Shortcut Method for Producing Branched Alkenes

Key points of this research results

  • Installation of a Suzuki–Miyaura coupling(SMC)-active boron functionality into an internal carbon of terminal alkynes was achieved.
  • “Diminishment of boron-Lewis acidity” and “ligand-derived steric bulk around a copper center” have proven to be the key to the internal-selectivity.
  • Shortcut total synthesis of biologically active iso-Combretastatin A4 was accomplished.


SMC (the Nobel Prize in Chemistry in 2010) of organoboron compounds has now become one of the most fundamental methods of constructing carbon–carbon bonds that form molecular skeletons of organic compounds. Hence, organoboron compounds are indispensable synthetic intermediates for producing organic functional materials, agrochemicals, pharmaceuticals, etc.
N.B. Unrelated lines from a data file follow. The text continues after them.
lemma P1_interpolant_exists: "\<exists>u\<in>P1 M. \<forall>n\<in>N. u n = a n"
proof -
  have "\<forall>T\<in>M. \<exists>c b. \<forall>t\<in>T. c \<bullet> t + b = a t"
    using affine_interpolation conforming unfolding conforming_mesh_def simplex_vertices_def by blast
  then obtain c b where cb: "\<forall>T\<in>M. \<forall>t\<in>T. c T \<bullet> t + b T = a t" by metis
  \<comment> \<open>the affine pieces agree on common faces, since both interpolate a at the vertices of the face\<close>
  have agree: "c T1 \<bullet> y + b T1 = c T2 \<bullet> y + b T2"
    if T12: "T1 \<in> M" "T2 \<in> M" "y \<in> convex hull T1" "y \<in> convex hull T2" for T1 T2 y
  proof (rule affine_eq_on_convex_hull)
    show "finite (T1 \<inter> T2)" using finite_simplex[OF T12(1)] by simp
    show "y \<in> convex hull (T1 \<inter> T2)" using conforming T12 unfolding conforming_mesh_def by blast
    show "\<forall>t\<in>T1 \<inter> T2. c T1 \<bullet> t + b T1 = c T2 \<bullet> t + b T2" using cb T12(1,2) by simp
  qed
  define u where "u y = (if y \<in> mesh_union M then
      (let T = (SOME T. T \<in> M \<and> y \<in> convex hull T) in c T \<bullet> y + b T) else 0)" for y
  have u_on: "u y = c T \<bullet> y + b T" if T: "T \<in> M" "y \<in> convex hull T" for T y
  proof -
    define T' where "T' = (SOME T. T \<in> M \<and> y \<in> convex hull T)"
    have T': "T' \<in> M \<and> y \<in> convex hull T'"
      unfolding T'_def by (rule someI[of _ T]) (use T in auto)
    have "y \<in> mesh_union M" using T unfolding mesh_union_def by auto
    then have "u y = c T' \<bullet> y + b T'" unfolding u_def T'_def by (simp add: Let_def)
    also have "\<dots> = c T \<bullet> y + b T" using agree[of T' T y] T' T by blast
    finally show ?thesis .
  qed
  then have "\<forall>T\<in>M. \<exists>c b. \<forall>x\<in>convex hull T. u x = c \<bullet> x + b" by blast
  moreover have "\<forall>x. x \<notin> mesh_union M \<longrightarrow> u x = 0" unfolding u_def by simp
  ultimately have "u \<in> P1 M" unfolding P1_def using continuous_on_mesh_union by blast
  moreover have "u n = a n" if "n \<in> N" for n
  proof -
    obtain T where T: "T \<in> M" "n \<in> T" using \<open>n \<in> N\<close> unfolding mesh_nodes_def by auto
    then show ?thesis using u_on cb hull_subset[of T convex] by auto
  qed
  ultimately show ?thesis by blast
qed

text \<open>weight y consists of the barycentric coordinates of y in a simplex of the mesh containing y,
  extended by zero to the other nodes; it vanishes if y lies outside the mesh.\<close>

definition weight :: "'a \<Rightarrow> 'a \<Rightarrow> real" where
  "weight y = (SOME w. (\<forall>n. 0 \<le> w n) \<and>
     ((sum w N = 1 \<and> y = (\<Sum>n\<in>N. w n *\<^sub>R n)) \<or> (\<forall>n. w n = 0)) \<and>
     (\<forall>u\<in>P1 M. u y = (\<Sum>n\<in>N. w n * u n)))"

definition interp :: "('a \<Rightarrow> real) \<Rightarrow> 'a \<Rightarrow> real" where
  "interp a y = (\<Sum>n\<in>N. weight y n * a n)"

lemma weight_spec:
  "(\<forall>n. 0 \<le> weight y n) \<and>
   ((sum (weight y) N = 1 \<and> y = (\<Sum>n\<in>N. weight y n *\<^sub>R n)) \<or> (\<forall>n. weight y n = 0)) \<and>
   (\<forall>u\<in>P1 M. u y = (\<Sum>n\<in>N. weight y n * u n))"
  unfolding weight_def using P1_eval_eq_nodal_combination[of y] by (rule someI_ex)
One of the most typical synthetic routes to organoboron compounds is hydroboration of terminal alkynes, whose regioselectivity is governed by anti-Markovnikov selectivity arising from the boron-Lewis acidity. Therefore, we can easily synthesize linear alkenylboron compounds through the boron-installation into the terminal carbon of the triple bonds. Because the inherent boron-Lewis acidity-derived anti-Markovnikov selectivity is a universal rule that is covered even in elementary organic chemistry classes, reversal of this regioselectivity via the boron-installation into the internal carbon has been a challenging issue in modern synthetic organic chemistry.

The results of this research would provide a promising clue to new borylation reactions and shortcut synthesis of various useful molecules.

We have succeeded in installing a boron functionality, being utilizable for SMC, into the internal carbon of the terminal alkynes; two origins governing the internal regioselectivity of the hydroboration have been revealed.

<Origins of internal regioselectivity in copper-catalyzed borylation of terminal alkynes>
① Diminishment of boron-Lewis acidity
② Ligand-derived steric bulk around a copper center

The present Markovnikov-selective hydroboration combined with the direct SMC enabled two-step total synthesis of biologically active iso-Combretastatin A4 that previously required four-steps.